Jay Crowley, MA, senior advisor for patient safety at FDA's Center for Devices and Radiological Health, tells Clinical Innovation + Technology that the UDI initiative—which, when finalized, will require manufacturers of medical devices to affix standardized barcode tags to nearly every regulated device they produce—may one day lead to such once-unimaginable scenarios as homecare patients opting to self-manage device recalls and safety alerts.

With the consent of the homecare provider as well as the patient, a device vendor "would be able to communicate with patients directly and in an automated way," Crowley says. "They will know everyone who has this particular device and the serial numbers that are affected." Patients also will be able to go to the FDA website, he adds, and "very easily see" whether their device is included in a given recall or alert.

The hardest part of getting UDI off the ground has nothing to do with barcodes and everything to do with information management, says Crowley. For example, the project requires setting standardized definitions and determining which data different users need. Describing a recent meeting to define attributes for cardiac stents in a demonstration project, he says the group "spent all day—and still didn't resolve—what significant attributes you need to know about cardiac stents to do the kinds of things that clinicians and researchers will want to do in the future."

In writing the proposed rule, the FDA sought input from consumer groups—which support UDI largely on the strength of the tracking it facilitates throughout device life cycles.

The sector most directly and immediately impacted by the initiative—the device industry—lives in a state of ongoing tension with the FDA, Crowley says, "but the companies that have implemented this see tremendous value for themselves and their customers." He says the agency has worked to allow for flexibility on timing so that, for example, a manufacturer needn't discard all its stores of labeling materials unsuited to the initiative. "We don't want to cause the device industry to incur unnecessary costs."  

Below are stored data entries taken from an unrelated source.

lemma has_coeff_derivative_mult:
  assumes "(f has_coeff_derivative f') (at r within T)"
    and "(g has_coeff_derivative g') (at r within T)"
  shows "((\<lambda>s. f s * g s) has_coeff_derivative f' * g r + f r * g') (at r within T)"
  unfolding has_coeff_derivative_def
proof
  fix n
  have "((\<lambda>s. \<Sum>i\<le>n. coeff (f s) i * coeff (g s) (n - i)) has_real_derivative
      (\<Sum>i\<le>n. coeff f' i * coeff (g r) (n - i) + coeff (f r) i * coeff g' (n - i))) (at r within T)"
    using assms unfolding has_coeff_derivative_def
    by (intro DERIV_sum) (auto intro!: derivative_eq_intros)
  then show "((\<lambda>s. coeff (f s * g s) n) has_real_derivative coeff (f' * g r + f r * g') n)
      (at r within T)"
    by (simp add: coeff_mult sum.distrib)
qed

lemma has_coeff_derivative_power:
  assumes "(f has_coeff_derivative f') (at r within T)"
  shows "((\<lambda>s. f s ^ Suc n) has_coeff_derivative of_nat (Suc n) * f r ^ n * f') (at r within T)"
proof (induction n)
  case 0
  then show ?case using assms by simp
next
  case (Suc n)
  have "((\<lambda>s. f s * f s ^ Suc n) has_coeff_derivative
      f' * f r ^ Suc n + f r * (of_nat (Suc n) * f r ^ n * f')) (at r within T)"
    by (rule has_coeff_derivative_mult[OF assms Suc])
  moreover have "f' * f r ^ Suc n + f r * (of_nat (Suc n) * f r ^ n * f')
      = of_nat (Suc (Suc n)) * f r ^ Suc n * f'"
    by (simp add: algebra_simps)
  ultimately show ?case by simp
qed

lemma linear_poly_functional_expand:
  fixes \<Phi> :: "real poly \<Rightarrow> real"
  assumes add: "\<And>p q. \<Phi> (p + q) = \<Phi> p + \<Phi> q" and smult: "\<And>c p. \<Phi> (smult c p) = c * \<Phi> p"
    and "degree p \<le> D"
  shows "\<Phi> p = (\<Sum>i\<le>D. coeff p i * \<Phi> (monom 1 i))"
proof -
  have sum: "\<Phi> (\<Sum>i\<in>A. g i) = (\<Sum>i\<in>A. \<Phi> (g i))" if "finite A" for g :: "nat \<Rightarrow> real poly" and A
    using that
  proof (induction A rule: finite_induct)
    case empty
    show ?case using smult[of 0 0] by simp
  qed (simp add: add)
  have "\<Phi> p = \<Phi> (\<Sum>i\<le>D. smult (coeff p i) (monom 1 i))"
    using poly_as_sum_of_monoms'[OF assms(3)] by (simp add: smult_monom)
  then show ?thesis by (simp add: sum smult)
qed

lemma linear_poly_functional_has_derivative:
  fixes \<Phi> :: "real poly \<Rightarrow> real"
  assumes add: "\<And>p q. \<Phi> (p + q) = \<Phi> p + \<Phi> q" and smult: "\<And>c p. \<Phi> (smult c p) = c * \<Phi> p"
    and f': "(f has_coeff_derivative f') (at r within T)"
    and deg: "\<And>s. s \<in> T \<Longrightarrow> degree (f s) \<le> D" "degree f' \<le> D" and "r \<in> T"
  shows "((\<lambda>s. \<Phi> (f s)) has_real_derivative \<Phi> f') (at r within T)"
proof -
  note expand = linear_poly_functional_expand[OF add smult]
  have "((\<lambda>s. \<Sum>i\<le>D. coeff (f s) i * \<Phi> (monom 1 i)) has_real_derivative \<Phi> f') (at r within T)"
    using f' unfolding expand[OF deg(2)] has_coeff_derivative_def
    by (intro DERIV_sum DERIV_cmult_right) auto
  then show ?thesis
    by (rule has_field_derivative_transform_within[OF _ zero_less_one \<open>r \<in> T\<close>])
      (metis expand deg(1))
qed

lemma has_field_derivative_unique_on:
  fixes f g :: "'a :: real_normed_field \<Rightarrow> 'a"
  assumes "(f has_field_derivative f') (at r within T)"
    and "(g has_field_derivative g') (at r within T)"
    and "\<And>s. s \<in> T \<Longrightarrow> f s = g s" "r \<in> T" "r islimpt T"
  shows "f' = g'"
proof -
  have "(f has_field_derivative g') (at r within T)"
    using assms(2) by (rule has_field_derivative_transform_within[OF _ zero_less_one assms(4)])
      (simp add: assms(3))
  then show ?thesis
    using assms(1,5) has_field_derivative_unique trivial_limit_within by blast
qed

lemma integrable_on_poly: "poly p integrable_on {a..b :: real}"
  by (intro integrable_continuous_real continuous_intros)

lemma cint_poly_add: "cint x j (poly (p + q)) = cint x j (poly p) + cint x j (poly q)"
  unfolding cint_def poly_add[abs_def] by (simp add: integral_add integrable_on_poly)

lemma cint_poly_smult: "cint x j (poly (smult c p)) = c * cint x j (poly p)"
  unfolding cint_def poly_smult[abs_def] by simp

lemma cint_poly_diff: "cint x j (poly (p - q)) = cint x j (poly p) - cint x j (poly q)"
  unfolding cint_def poly_diff[abs_def] by (simp add: integral_diff integrable_on_poly)

lemma cint_poly_mult: "cint x j (\<lambda>y. poly p y * poly q y) = cint x j (poly (p * q))"
  by (simp add: poly_mult[abs_def])

lemma cint_poly_pderiv:
  assumes "x j \<le> x (Suc j)"
  shows "cint x j (poly (pderiv p)) = poly p (x (Suc j)) - poly p (x j)"
  unfolding cint_def
proof (rule integral_unique, rule fundamental_theorem_of_calculus[OF assms])
  fix y
  show "(poly p has_vector_derivative poly (pderiv p) y) (at y within {x j..x (Suc j)})"
    by (simp add: has_real_derivative_iff_has_vector_derivative[symmetric] poly_DERIV
        has_field_derivative_at_within)
qed

lemma prev_cell_less: "N \<ge> 1 \<Longrightarrow> prev_cell N j < N"
  by (simp add: prev_cell_def)

lemma Suc_prev_cell_mod: "N \<ge> 1 \<Longrightarrow> j < N \<Longrightarrow> Suc (prev_cell N j) mod N = j"
  by (simp add: prev_cell_def mod_Suc_eq)

lemma prev_cell_Suc_mod:
  assumes "N \<ge> 1" "j < N"
  shows "prev_cell N (Suc j mod N) = j"
proof -
  have "Suc j mod N + N - 1 = Suc j mod N + (N - 1)" "Suc j + (N - 1) = j + N"
    using assms(1) by simp_all
  moreover have "(Suc j mod N + (N - 1)) mod N = (Suc j + (N - 1)) mod N"
    by (rule mod_add_left_eq)
  ultimately show ?thesis
    using assms(2) by (simp add: prev_cell_def)
qed

lemma tr_plus_prev_cell: "N \<ge> 1 \<Longrightarrow> j < N \<Longrightarrow> tr_plus N x f (prev_cell N j) = poly (f j) (x j)"
  by (simp add: tr_plus_def Suc_prev_cell_mod)

lemma sum_prev_cell: "N \<ge> 1 \<Longrightarrow> (\<Sum>j<N. g (prev_cell N j)) = (\<Sum>j<N. g j)"
  by (rule sum.reindex_bij_witness[where i = "\<lambda>j. Suc j mod N" and j = "prev_cell N"])
    (auto simp: prev_cell_less Suc_prev_cell_mod prev_cell_Suc_mod)

definition dg_form ::
    "nat \<Rightarrow> (nat \<Rightarrow> real) \<Rightarrow> real \<Rightarrow> (nat \<Rightarrow> real poly) \<Rightarrow> nat \<Rightarrow> real poly \<Rightarrow> real"
  where
  "dg_form N x a f j q = cint x j (\<lambda>y. poly (f j) y * poly (pderiv q) y)
     - flux N x a f j * poly q (x (Suc j)) + flux N x a f (prev_cell N j) * poly q (x j)"

definition dg_interface ::
    "nat \<Rightarrow> (nat \<Rightarrow> real) \<Rightarrow> real \<Rightarrow> (nat \<Rightarrow> real poly) \<Rightarrow> (nat \<Rightarrow> real poly) \<Rightarrow> nat \<Rightarrow> real"
  where
  "dg_interface N x a f g i = tr_minus x f i * tr_minus x g i
     - flux N x a f i * tr_minus x g i - flux N x (- a) g i * tr_minus x f i"

text \<open>The fluxes F = {f} + a[f] and G = {g} - a[g] satisfy F[g] + G[f] = [f g].\<close>

lemma dg_interface_tr_plus:
  "dg_interface N x a f g i = tr_plus N x f i * tr_plus N x g i
     - flux N x a f i * tr_plus N x g i - flux N x (- a) g i * tr_plus N x f i"
  unfolding dg_interface_def flux_def by (simp add: field_simps)

lemma dg_form_skew_cell:
  assumes N: "N \<ge> 1" and j: "j < N" and mesh: "x j \<le> x (Suc j)"
  shows "dg_form N x a f j (g j) + dg_form N x (- a) g j (f j)
    = dg_interface N x a f g j - dg_interface N x a f g (prev_cell N j)"
proof -
  have "cint x j (\<lambda>y. poly (f j) y * poly (pderiv (g j)) y)
      + cint x j (\<lambda>y. poly (g j) y * poly (pderiv (f j)) y)
      = cint x j (poly (pderiv (f j * g j)))"
    by (simp add: cint_poly_mult cint_poly_add[symmetric] pderiv_mult algebra_simps)
  also have "\<dots> = poly (f j * g j) (x (Suc j)) - poly (f j * g j) (x j)"
    by (rule cint_poly_pderiv[OF mesh])
  finally show ?thesis
    unfolding dg_form_def dg_interface_def[of _ _ _ _ _ j]
      dg_interface_tr_plus[of _ _ _ _ _ "prev_cell N j"] tr_plus_prev_cell[OF N j]
    by (simp add: tr_minus_def algebra_simps)
qed

lemma dg_form_skew_sum:
  assumes N: "N \<ge> 1" and mesh: "\<forall>j<N. x j < x (Suc j)"
  shows "(\<Sum>j<N. dg_form N x a f j (g j) + dg_form N x (- a) g j (f j)) = 0"
proof -
  have "(\<Sum>j<N. dg_form N x a f j (g j) + dg_form N x (- a) g j (f j))
      = (\<Sum>j<N. dg_interface N x a f g j) - (\<Sum>j<N. dg_interface N x a f g (prev_cell N j))"
    using mesh by (simp add: dg_form_skew_cell[OF N] less_imp_le sum_subtractf)
  then show ?thesis
    by (simp add: sum_prev_cell[OF N])
qed

lemma C1_Vh_in_Vh: "C1_Vh N k T f f' \<Longrightarrow> t \<in> T \<Longrightarrow> in_Vh N k (f t) \<and> in_Vh N k (f' t)"
  unfolding C1_Vh_def by blast

lemma C1_Vh_degree: "C1_Vh N k T f f' \<Longrightarrow> t \<in> T \<Longrightarrow> j < N \<Longrightarrow> degree (f t j) \<le> k \<and> degree (f' t j) \<le> k"
  unfolding C1_Vh_def in_Vh_def by blast

lemma C1_Vh_has_coeff_derivative:
  "C1_Vh N k T f f' \<Longrightarrow> r \<in> T \<Longrightarrow> j < N \<Longrightarrow> ((\<lambda>s. f s j) has_coeff_derivative f' r j) (at r within T)"
  unfolding C1_Vh_def has_coeff_derivative_def by blast

lemma C1_Vh_linear_has_derivative:
  fixes \<Phi> :: "real poly \<Rightarrow> real"
  assumes "\<And>p q. \<Phi> (p + q) = \<Phi> p + \<Phi> q" "\<And>c p. \<Phi> (smult c p) = c * \<Phi> p"
    and "C1_Vh N k T f f'" "r \<in> T" "j < N"
  shows "((\<lambda>s. \<Phi> (f s j)) has_real_derivative \<Phi> (f' r j)) (at r within T)"
  using assms C1_Vh_degree
  by (intro linear_poly_functional_has_derivative[where D = k] C1_Vh_has_coeff_derivative) auto

lemma C1_Vh_poly_has_derivative:
  "C1_Vh N k T f f' \<Longrightarrow> r \<in> T \<Longrightarrow> j < N \<Longrightarrow>
    ((\<lambda>s. poly (f s j) y) has_real_derivative poly (f' r j) y) (at r within T)"
  by (rule C1_Vh_linear_has_derivative[where \<Phi> = "\<lambda>p. poly p y"]) auto
lemma card_index_sets_le:
  assumes "k \<ge> 1" "0 \<le> Y"
  shows "real (card {J \<in> Pow {..<B}. card J = k \<and> (\<Prod>j\<in>J. real (j+1)) \<le> Y * fact k})
    \<le> (4 * exp (1/2)) ^ k * Y^2"
proof -
  define G where "G = {A \<in> Pow {2*k..<B}. (\<Prod>j\<in>A. real (j+1) / real k) \<le> Y}"
  have "real (card {J \<in> Pow {..<B}. card J = k \<and> (\<Prod>j\<in>J. real (j+1)) \<le> Y * fact k})
      \<le> real (4^k * card G)"
    unfolding G_def of_nat_le_iff by (rule card_index_sets_le_card_tails)
  also have "\<dots> = 4^k * real (card G)"
    by simp
  also have "real (card G) \<le> Y^2 * exp (\<Sum>j\<in>{2*k..<B}. 1 / (real (j+1) / real k) ^ 2)"
    unfolding G_def using assms by (intro card_subsets_prod_le) auto
  also have "\<dots> \<le> Y^2 * exp (real k * (1/2))"
    using sum_inverse_square_tail_le[OF assms(1), of B] by (intro mult_left_mono) auto
  also have "exp (real k * (1/2)) = exp (1/2) ^ k"
    by (rule exp_of_nat_mult)
  finally show ?thesis
    by (simp add: power_mult_distrib mult_ac)
qed

lemma Suc_square_le_four_pow: "(k+1)^2 \<le> 4^k"
proof (induction k)
  case (Suc k)
  have "(Suc k + 1)^2 \<le> 4 * (k+1)^2"
    by (simp add: power2_eq_square)
  also have "\<dots> \<le> 4 * 4^k"
    using Suc.IH by simp
  finally show ?case
    by simp
qed simp

lemma prod_nth_primes_le:
  "(\<Prod>i\<le>k. real (nth_prime i)) \<le> 34^(k+1) * fact (k+1) * (\<Prod>i\<le>k. ln (real i + 2))"
proof -
  have "(\<Prod>i\<le>k. real (nth_prime i)) \<le> (\<Prod>i\<le>k. 34 * (real (i+1) * ln (real i + 2)))"
    using nth_prime_upper_bound by (intro prod_mono) auto
  also have "\<dots> = 34^(k+1) * (\<Prod>i\<le>k. real (i+1)) * (\<Prod>i\<le>k. ln (real i + 2))"
    by (simp add: prod.distrib)
  also have "(\<Prod>i\<le>k. real (i+1)) = fact (k+1)"
    by (simp add: fact_prod_Suc atLeast0LessThan lessThan_Suc_atMost)
  finally show ?thesis .
qed
lemma additive_scale:
  assumes add: "additive_on_ZGamma f" and z: "z \<in> ZGamma"
  shows "f (\<lambda>v. k * z v) = k * f z"
proof (induction k rule: int_induct[where k = 0])
  case base
  show ?case
    using additive_zero[OF add] by simp
next
  case (step1 i)
  have "f (\<lambda>v. (i + 1) * z v) = f (\<lambda>v. i * z v + z v)"
    by (simp add: algebra_simps)
  also have "\<dots> = f (\<lambda>v. i * z v) + f z"
    by (rule additive_on_ZGammaD[OF add ZGamma_scale[OF z] z])
  finally show ?case
    using step1 by (simp add: algebra_simps)
next
  case (step2 i)
  have "f (\<lambda>v. i * z v) = f (\<lambda>v. (i - 1) * z v + z v)"
    by (simp add: algebra_simps)
  also have "\<dots> = f (\<lambda>v. (i - 1) * z v) + f z"
    by (rule additive_on_ZGammaD[OF add ZGamma_scale[OF z] z])
  finally show ?case
    using step2 by (simp add: algebra_simps)
qed

lemma additive_eq_vdot:
  assumes add: "additive_on_ZGamma f" and y: "y \<in> ZGamma"
  shows "f y = vdot y (\<lambda>v. f (e v))"
proof -
  have comb_rule: "f (comb B y) = (\<Sum>v\<in>B. y v * f (e v))" if "B \<subseteq> Vs" for B
    using finite_subset[OF that finite_Vs] that
  proof (induction B rule: finite_induct)
    case empty
    show ?case
      using additive_zero[OF add] by (simp add: comb_def)
  next
    case (insert b B)
    have "f (comb (insert b B) y) = f (\<lambda>u. y b * e b u + comb B y u)"
      using insert.hyps by (simp add: comb_def)
    also have "\<dots> = f (\<lambda>u. y b * e b u) + f (comb B y)"
      using insert.prems by (intro additive_on_ZGammaD[OF add] ZGamma_scale comb_in_ZGamma) auto
    finally show ?case
      using insert additive_scale[OF add] by simp
  qed
  have "comb Vs y = y"
    using y by (auto simp: comb_eq ZGamma_def)
  then show ?thesis
    using comb_rule[OF order_refl] by (simp add: vdot_def)
qed

section \<open>The radical\<close>

lemma rad_iff: "x \<in> rad \<longleftrightarrow> x \<in> ZGamma \<and> (\<forall>w\<in>Vs. gram_vec x w = 0)"
proof
  assume "x \<in> rad"
  then have "x \<in> ZGamma" and "\<And>w. w \<in> Vs \<Longrightarrow> vdot (gram_vec x) (e w) = 0"
    by (auto simp: rad_def form_eq_vdot)
  then show "x \<in> ZGamma \<and> (\<forall>w\<in>Vs. gram_vec x w = 0)"
    by (simp add: vdot_e)
next
  assume "x \<in> ZGamma \<and> (\<forall>w\<in>Vs. gram_vec x w = 0)"
  then show "x \<in> rad"
    by (simp add: rad_def form_eq_vdot vdot_def)
qed

lemma rad_sum:
  assumes "finite I" and "\<And>i. i \<in> I \<Longrightarrow> r i \<in> rad"
  shows "(\<lambda>u. \<Sum>i\<in>I. k i * r i u) \<in> rad"
  using assms by (auto simp: rad_iff gram_vec_sum ZGamma_def)

lemma rad_diff: "x \<in> rad \<Longrightarrow> y \<in> rad \<Longrightarrow> (\<lambda>u. x u - y u) \<in> rad"
  by (auto simp: rad_iff ZGamma_def gram_vec_def sum_subtractf left_diff_distrib)

lemma outside_eq_sum_complement:
  assumes r: "\<And>v w. v \<in> Vs - B \<Longrightarrow> w \<notin> insert v B \<Longrightarrow> r v w = 0"
    and r_self: "\<And>v. v \<in> Vs - B \<Longrightarrow> r v v = 1"
    and x: "x \<in> ZGamma" and u: "u \<notin> B"
  shows "x u = (\<Sum>v\<in>Vs - B. x v * r v u)"
proof (cases "u \<in> Vs")
  case True
  have "(\<Sum>v\<in>Vs - B. x v * r v u) = x u * r u u + (\<Sum>v\<in>Vs - B - {u}. x v * r v u)"
    using True u by (intro sum.remove) auto
  moreover have "(\<Sum>v\<in>Vs - B - {u}. x v * r v u) = 0"
    using u by (intro sum.neutral ballI) (auto intro: r)
  ultimately show ?thesis
    using True u r_self by simp
next
  case False
  then have "(\<Sum>v\<in>Vs - B. x v * r v u) = 0"
    using u by (intro sum.neutral ballI) (auto intro: r)
  then show ?thesis
    using False x by (simp add: ZGamma_def)
qed

lemma diff_comb_in_rad:
  assumes "finite B"
    and r_rad: "\<And>v. v \<in> Vs - B \<Longrightarrow> r v \<in> rad"
    and r: "\<And>v w. v \<in> Vs - B \<Longrightarrow> w \<notin> insert v B \<Longrightarrow> r v w = 0"
    and r_self: "\<And>v. v \<in> Vs - B \<Longrightarrow> r v v = 1"
    and x: "x \<in> ZGamma"
  shows "(\<lambda>u. x u - comb B (\<lambda>w. x w - (\<Sum>v\<in>Vs - B. x v * r v w)) u) \<in> rad"
proof -
  have "(\<lambda>u. x u - comb B (\<lambda>w. x w - (\<Sum>v\<in>Vs - B. x v * r v w)) u)
        = (\<lambda>u. \<Sum>v\<in>Vs - B. x v * r v u)"
    using outside_eq_sum_complement[where B = B and r = r and x = x, OF r r_self x] \<open>finite B\<close>
    by (auto simp: comb_eq)
  then show ?thesis
    using rad_sum[of "Vs - B" r x] r_rad by simp
qed

definition rad_vec :: "vtx \<Rightarrow> vtx \<Rightarrow> int" where
  "rad_vec v = vec_of ((v, 1) #
     (if v = L 1 then [(L 2, 1), (L 3, -1), (L 4, -1), (L 5, 1), (L 6, -1), (L 7, 1), (L 8, -1), (M 2, 2), (M 3, -2)]
     else if v = L 9 then [(L 5, -1), (L 6, 1), (L 11, -1), (M 1, 1), (M 2, -1), (M 9, 1), (M 12, -1)]
     else if v = L 10 then [(L 5, -1), (L 7, 1), (L 11, -1), (M 6, -1), (M 8, 1), (M 9, 1), (M 12, -1)]
     else if v = L 12 then [(L 5, -1), (L 8, 1), (L 11, -1), (M 1, 1), (M 2, -1), (M 6, -1), (M 8, 1)]
     else if v = M 4 then [(L 5, 1), (L 6, -1), (L 7, 1), (L 8, -1), (M 1, -1), (M 2, 1), (M 3, -1)]
     else if v = M 5 then [(L 2, 1), (L 3, -1), (L 5, 1), (L 8, -1), (M 2, 1), (M 3, -1), (M 8, -1)]
     else if v = M 7 then [(L 2, 1), (L 3, -1), (L 6, -1), (L 7, 1), (M 2, 1), (M 3, -1), (M 6, -1)]
     else if v = M 10 then [(L 2, 1), (L 4, -1), (L 5, 1), (L 6, -1), (M 2, 1), (M 3, -1), (M 9, -1)]
     else if v = M 11 then [(L 2, 1), (L 4, -1), (L 7, 1), (L 8, -1), (M 2, 1), (M 3, -1), (M 12, -1)]
     else []))"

Some medical professionals also have expressed apprehension, with hospital technology managers fretting over UDI's coming disruption of in-house labeling systems that have been customized for inventory management. "This is one of the problems we're trying to solve," says Crowley. "We have not only healthcare providers but also distributors, GPOs and others creating their own numbering systems. The confusion plays out from there."

In the end, greater control over healthcare decision-making is "what patients really want," says Crowley. As a healthcare consumer himself, he adds, "I want to know, in a way that I often have not been able to, what really is going on with me, my kids, my parents or for whomever I'm caring."